(About this exercise)
How many lines in the data below contain the word "shows"? State only the number.

═════ Data under study

lemma tmap_delta_sub_sub:
  fixes B :: "('a, 'x, 'y) module_scheme" and N :: "('a, 'n, 'e) module_scheme"
  assumes h: "h \<in> carrier A \<rightarrow> carrier B"
    and a: "x \<in> carrier A" "y \<in> carrier A" "z \<in> carrier A"
    and n: "u \<in> carrier N" "v \<in> carrier N" "w \<in> carrier N"
  shows "tmap R A h (fs_sub R (fs_sub R (delta R (x, u)) (delta R (y, v))) (delta R (z, w))) =
     fs_sub R (fs_sub R (delta R (h x, u)) (delta R (h y, v))) (delta R (h z, w))"
proof -
  have d: "delta R (x, u) \<in> formal_sums R A N" "delta R (y, v) \<in> formal_sums R A N"
    "delta R (z, w) \<in> formal_sums R A N"
    using a n by (auto intro: formal_sums_delta)
  show ?thesis
    by (simp only: tmap_sub[OF formal_sums_sub[OF d(1,2)] d(3) h] tmap_sub[OF d(1,2) h]
        tmap_delta[OF a(1) n(1)] tmap_delta[OF a(2) n(2)] tmap_delta[OF a(3) n(3)])
qed

lemma tmap_delta_sub_smult:
  fixes B :: "('a, 'x, 'y) module_scheme" and N :: "('a, 'n, 'e) module_scheme"
  assumes h: "h \<in> carrier A \<rightarrow> carrier B" and r: "r \<in> carrier R"
    and a: "x \<in> carrier A" "y \<in> carrier A" and n: "u \<in> carrier N" "v \<in> carrier N"
  shows "tmap R A h (fs_sub R (delta R (x, u)) (fs_smult R r (delta R (y, v)))) =
     fs_sub R (delta R (h x, u)) (fs_smult R r (delta R (h y, v)))"
proof -
  have d: "delta R (x, u) \<in> formal_sums R A N" "delta R (y, v) \<in> formal_sums R A N"
    using a n by (auto intro: formal_sums_delta)
  show ?thesis
    by (simp only: tmap_sub[OF d(1) formal_sums_smult[OF r d(2)] h] tmap_smult[OF d(2) r]
        tmap_delta[OF a(1) n(1)] tmap_delta[OF a(2) n(2)])
qed
(* (a) Let $\langle A,\le\rangle$ be a poset with a partition pair $\langle\otimes,\odot\rangle$. Let $I\subseteq A$ be a set of representatives of the classes of $\equiv_\odot$ (equivalently $\equiv_\otimes$), made into a join-semilattice by letting $p\vee q$ be the representative of the class of $p\odot q$, let $A_p$ be the class of $p$ with the restricted order $\le_p$, and for $p\preceq_\odot q$ in $I$ define $\psi_{pq}(a):=a\otimes q$, $\varphi_{pq}(a):=a\odot q$ ($a\in A_p$). Then these maps are well-defined monotone maps $A_p\to A_q$ forming a directed system (identities at $p=q$, closed under composition) which satisfies conditions (S1) and (S2) below, and for $a\in A_p$, $b\in A_q$, $s=p\vee q$: $a\le b$ iff $\varphi_{ps}(a)\le_s\psi_{qs}(b)$. (b) Conversely, let $\mathbf I$ be a join-semilattice, $\langle A_p,\le_p\rangle$ ($p\in I$) pairwise disjoint posets and $\psi_{pq},\varphi_{pq}:A_p\to A_q$ ($p\preceq q$) monotone maps with $\varphi_{pp}=\psi_{pp}=\mathrm{id}$, $\varphi_{qr}\varphi_{pq}=\varphi_{pr}$, $\psi_{qr}\psi_{pq}=\psi_{pr}$, satisfying (S1) and (S2); let $\le$ on $A=\biguplus A_p$ be defined by $a\le b$ iff $\varphi_{ps}(a)\le_s\psi_{qs}(b)$ ($a\in A_p$, $b\in A_q$, $s=p\vee q$). Then $a\otimes b:=\psi_{ps}(a)$ and $a\odot b:=\varphi_{ps}(a)$ define a partition pair on $\langle A,\le\rangle$ whose induced maps as in (a) are the given $\psi_{pq},\varphi_{pq}$. Here (S1): if $p\prec q$, $p\prec r$, $t=q\vee r$, then $\varphi_{qt}(\psi_{pq}(a))\le_t\psi_{rt}(\varphi_{pr}(a))$ for all $a\in A_p$; (S2): if $p\prec q$, $a,b\in A_p$ and $\varphi_{pq}(a)\le_q\psi_{pq}(b)$, then $a<_pb$.
   Context: A left normal band on a set $A$ is a binary operation $\odot$ with $a\odot a=a$, $a\odot(b\odot c)=(a\odot b)\odot c$, $a\odot(b\odot c)=a\odot(c\odot b)$ for all $a,b,c$. Put $a\preceq_\odot b\iff b\odot a=b$, and $a\equiv_\odot b$ iff $a\preceq_\odot b$ and $b\preceq_\odot a$; the quotient by $\equiv_\odot$ is a join-semilattice under the induced operation. Two left normal bands are homotactic if they induce the same preorder $\preceq$. A partition pair for a poset $\langle A,\le\rangle$ is a pair $\langle\otimes,\odot\rangle$ of homotactic left normal bands on $A$ such that (PS1) if $a\le b$ then $a\otimes c\le b\otimes c$ and $a\odot c\le b\odot c$ for all $c$; (PS2) if $a\odot b\le b\otimes a$ then $a\le b$. *)

theory Defs
  imports Main
begin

══════════

(Task response)
2